I have a friend coming along to AC '09, and she's not much of a furry. You can bring anyone they want. Just make sure they know what they're in for, and okay with it.


----------



## Greasemunky (Mar 25, 2009)

Duuuh, and if they bring their own molotovs the better.


----------



## Lulian (Mar 25, 2009)

Yep. Just follow the rules.


----------



## SirrocoTheServal (Mar 25, 2009)

Yah they have an idea what to expect and are cool with it. Thanks for the answer.


----------



## Phineas (Mar 25, 2009)

From my limited experience, lots of non-furs who just like to party go to cons. It's not like there's a furriness exam at the door or anything, so your friend will be more than welcome.


----------



## TheDumbening (Mar 25, 2009)

You can bring Hitler to a con and they wouldn't care


----------



## Phineas (Mar 25, 2009)

He's Eurofurence's guest of honor this year.


----------



## TheDumbening (Mar 25, 2009)

Phineas said:


> He's Eurofurence's guest of honor this year.


LADIES AND GENTLEMEN, GET YOUR ARM UP IN THE AIR TO SALUTE OUR GUEST OF HONOR, ADOLF HITLER!!

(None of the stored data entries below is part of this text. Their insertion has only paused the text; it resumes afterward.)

theorem mainTheorem4:
  fixes g :: "real^'n \<Rightarrow> real"
    and grad :: "real^'n \<Rightarrow> real^'n"
    and hess :: "real^'n \<Rightarrow> real^'n^'n"
    and G :: "real^'n \<Rightarrow> real^'n"
    and L1 L2 \<alpha> \<beta> a b \<Delta>g \<delta> \<epsilon>1 \<epsilon>2 :: real
    and x0 :: "real^'n"
    and \<phi> \<gamma> F R \<eta> r \<omega> r0 :: real
    and M :: nat
    and ytil e0 :: "real^'n"
    and y y' :: "nat \<Rightarrow> real^'n"
  assumes bdd_below: "\<exists>c. \<forall>x. c \<le> g x"
    and grad: "\<And>x. (g has_derivative (\<lambda>h. grad x \<bullet> h)) (at x)"
    and L1_pos: "L1 > 0"
    and grad_lip: "\<And>x z. norm (grad x - grad z) \<le> L1 * norm (x - z)"
    and \<alpha>_pos: "\<alpha> > 0" and \<beta>_pos: "\<beta> > 0" and L2_pos: "L2 > 0"
    and loc_C2: "\<And>xb. norm (grad xb) \<le> \<alpha> \<Longrightarrow>
        (\<forall>z\<in>cball xb \<beta>. (grad has_derivative (\<lambda>h. hess z *v h)) (at z within cball xb \<beta>))
        \<and> continuous_on (cball xb \<beta>) hess
        \<and> (\<forall>z\<in>cball xb \<beta>. \<forall>w\<in>cball xb \<beta>.
              onorm (\<lambda>h. (hess z - hess w) *v h) \<le> L2 * norm (z - w))"
    and a_nonneg: "0 \<le> a" and b_nonneg: "0 \<le> b"
    and inexact_G: "\<And>x. norm (grad x - G x) \<le> a * norm (grad x) + b"
    and \<Delta>g_pos: "\<Delta>g > 0"
    and \<Delta>g_bound: "g x0 - (INF x. g x) \<le> \<Delta>g"
    and \<delta>_range: "0 < \<delta>" "\<delta> < 1"
    and \<epsilon>1_range: "0 < \<epsilon>1" "\<epsilon>1 < \<alpha>"
    and \<phi>_def: "\<phi> = 2^24 * max 1 (5 * (L2 * \<epsilon>1) / (L1 * \<epsilon>2)) * (L1^2 / \<delta>)
          * sqrt (real CARD('n))
          * (\<Delta>g * max (L2^2 / \<epsilon>2^5) (1 / (\<epsilon>1^2 * \<epsilon>2)) + 1 / \<epsilon>2^2)"
    and \<gamma>_def: "\<gamma> = log 2 (\<phi> * (log 2 \<phi>)^8)"
    and F_def: "F = 1 / (800 * \<gamma>^3) * ((1 - a) / (1 + a)^2) * (\<epsilon>2^3 / L2^2)"
    and R_def: "R = \<epsilon>2 / (4 * \<gamma> * L2)"
    and \<eta>_def: "\<eta> = (1 - a) / ((1 + a)^2 * L1)"
    and r_def: "r = \<epsilon>2^2 / (400 * L2 * \<gamma>^3) * min 1 (L1 * \<epsilon>2 / (5 * \<epsilon>1 * L2))"
    and M_def: "real M = (1 + a)^2 / (1 - a) * (L1 * \<gamma> / \<epsilon>2)"
    and M_pos: "M > 0"
    and \<epsilon>2_range: "0 < \<epsilon>2" "\<epsilon>2 < min (4 * \<gamma> * \<beta> * L2) (min L1 (L1^2))"
    and a_bound: "a \<le> min (1/20) (min (1 / (L1 * \<eta> * real M * 2 powr (\<gamma> + 2)))
                                   (R / (\<epsilon>1 * \<eta> * real M * 2 powr (\<gamma> + 2))))"
    and b_bound: "b \<le> min (\<epsilon>1 / 64) (min (sqrt (F / (40 * \<eta> * real M)))
                     (min (sqrt (L1 * F / (real M * (5 * L1 + 1)))) (R / (real M * \<eta> * 2 powr (\<gamma> + 2)))))"
    and ytil_grad: "norm (grad ytil) \<le> \<epsilon>1"
    and ytil_hess: "lambda_min (hess ytil) \<le> - \<epsilon>2"
    and e0_unit: "norm e0 = 1"
    and e0_eig: "hess ytil *v e0 = lambda_min (hess ytil) *\<^sub>R e0"
    and \<omega>_def: "\<omega> = (1 / \<eta>) * 2 powr (3 - \<gamma>) * R"
    and r0_ge: "r0 \<ge> \<omega>"
    and y0_rel: "y 0 = y' 0 + (\<eta> * r0) *\<^sub>R e0"
    and y0_close: "max (norm (y 0 - ytil)) (norm (y' 0 - ytil)) \<le> \<eta> * r"
    and y_iter: "\<And>t. y (Suc t) = y t - \<eta> *\<^sub>R G (y t)"
    and y'_iter: "\<And>t. y' (Suc t) = y' t - \<eta> *\<^sub>R G (y' t)"
  shows "min (g (y M) - g (y 0)) (g (y' M) - g (y' 0)) \<le> - F"
proof -
  have a: "0 \<le> a" "a \<le> 1/20" and a1: "a < 1" using a_nonneg a_bound by simp_all
  note \<eta> = inexact_step_size_bounds[OF a_nonneg a1 L1_pos \<eta>_def]
  have \<epsilon>2: "0 < \<epsilon>2" "\<epsilon>2 < L1" "\<epsilon>2 < 4 * \<gamma> * \<beta> * L2" using \<epsilon>2_range by simp_all
  have \<gamma>: "1 \<le> \<gamma>"
    by (rule escape_exponent_ge_one[OF \<phi>_def \<gamma>_def _ \<delta>_range \<Delta>g_pos \<epsilon>2(1,2)]) simp
  have "2 powr (3 - \<gamma>) * R \<le> \<eta> * r0" using r0_ge \<eta>(1) by (simp add: \<omega>_def field_simps)
  note constants = escape_constants_admissible[OF L1_pos L2_pos a_nonneg b_nonneg \<epsilon>1_range(1) \<gamma> \<epsilon>2(1,2)
      \<epsilon>2(3) F_def R_def \<eta> escape_horizon[OF \<eta>_def M_def a_nonneg a1 L1_pos] a_bound b_bound this]
  have "\<eta> * r \<le> R / 100"
    by (rule escape_start_radius[OF R_def r_def \<eta> \<gamma> \<epsilon>2(1,2) L2_pos \<epsilon>1_range(1)])
  hence start: "norm (y 0 - ytil) \<le> 8/25 * R" "norm (y' 0 - ytil) \<le> 8/25 * R"
    using y0_close constants(1) by auto
  have "norm (grad ytil) \<le> \<alpha>" using ytil_grad \<epsilon>1_range by simp
  note C2 = loc_C2[OF this]
  have hess: "\<And>z. z \<in> cball ytil \<beta> \<Longrightarrow> (grad has_derivative (\<lambda>h. hess z *v h)) (at z within cball ytil \<beta>)"
    using C2 by blast
  have hess_lip: "\<And>z. z \<in> cball ytil \<beta> \<Longrightarrow> onorm (\<lambda>h. (hess z - hess ytil) *v h) \<le> L2 * norm (z - ytil)"
    using C2 \<beta>_pos by simp
  show ?thesis
    by (rule saddle_escape[OF grad grad_lip L1_pos hess hess_lip less_imp_le[OF L2_pos] inexact_G a b_nonneg
          \<eta>_def ytil_grad e0_unit e0_eig ytil_hess less_imp_le[OF \<epsilon>2(1)] y_iter y'_iter y0_rel start
          constants(1,2) M_pos constants(3-)])
qed

end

"SIEG HEIL SIEG HEIL SIEG HEIL"


----------



## Defiant (Mar 28, 2009)

This girl I know brought her BF for the last day of FF07. He didn't seem to impressed or understand what was going on. Last a good friend had his cousin come along. And the only thing that weirded him out was some lady with cat puppet.
  Bring whoever you want. SO long as they don't hate furries as much as I do.


----------



## Kajet (Mar 29, 2009)

Just be sure to warn them that they may be groped against their will.


----------



## PassionFluxX (Mar 29, 2009)

TheDumbening said:


> LADIES AND GENTLEMEN, GET YOUR ARM UP IN THE AIR TO SALUTE OUR GUEST OF HONOR, ADOLF HITLER!!
> 
> "SIEG HEIL SIEG HEIL SIEG HEIL"


 

Every single German there would be put in the house D:


And I do mean..the bad house.


----------



## Defiant (Mar 29, 2009)

I've never been touched against my will and I have been to 6 cons and some gross fur meets.
   But then again looking like a serial killer helps.


----------



## Istanbul (Mar 30, 2009)

Wow. Reading this thread really drives home how xenophobic and self-hating a fandom we can be. More than half of it seems to be geared toward 'warn them that bad things will happen' or 'we suck', the latter mostly in Defiant's case.

In all seriousness, it's usually all right to bring non-furries to a furry convention, so long as you give them some idea of what to expect. My best advice is to avoid giving them ideas of what NOT to expect, as that'll only make them that much more paranoid.


----------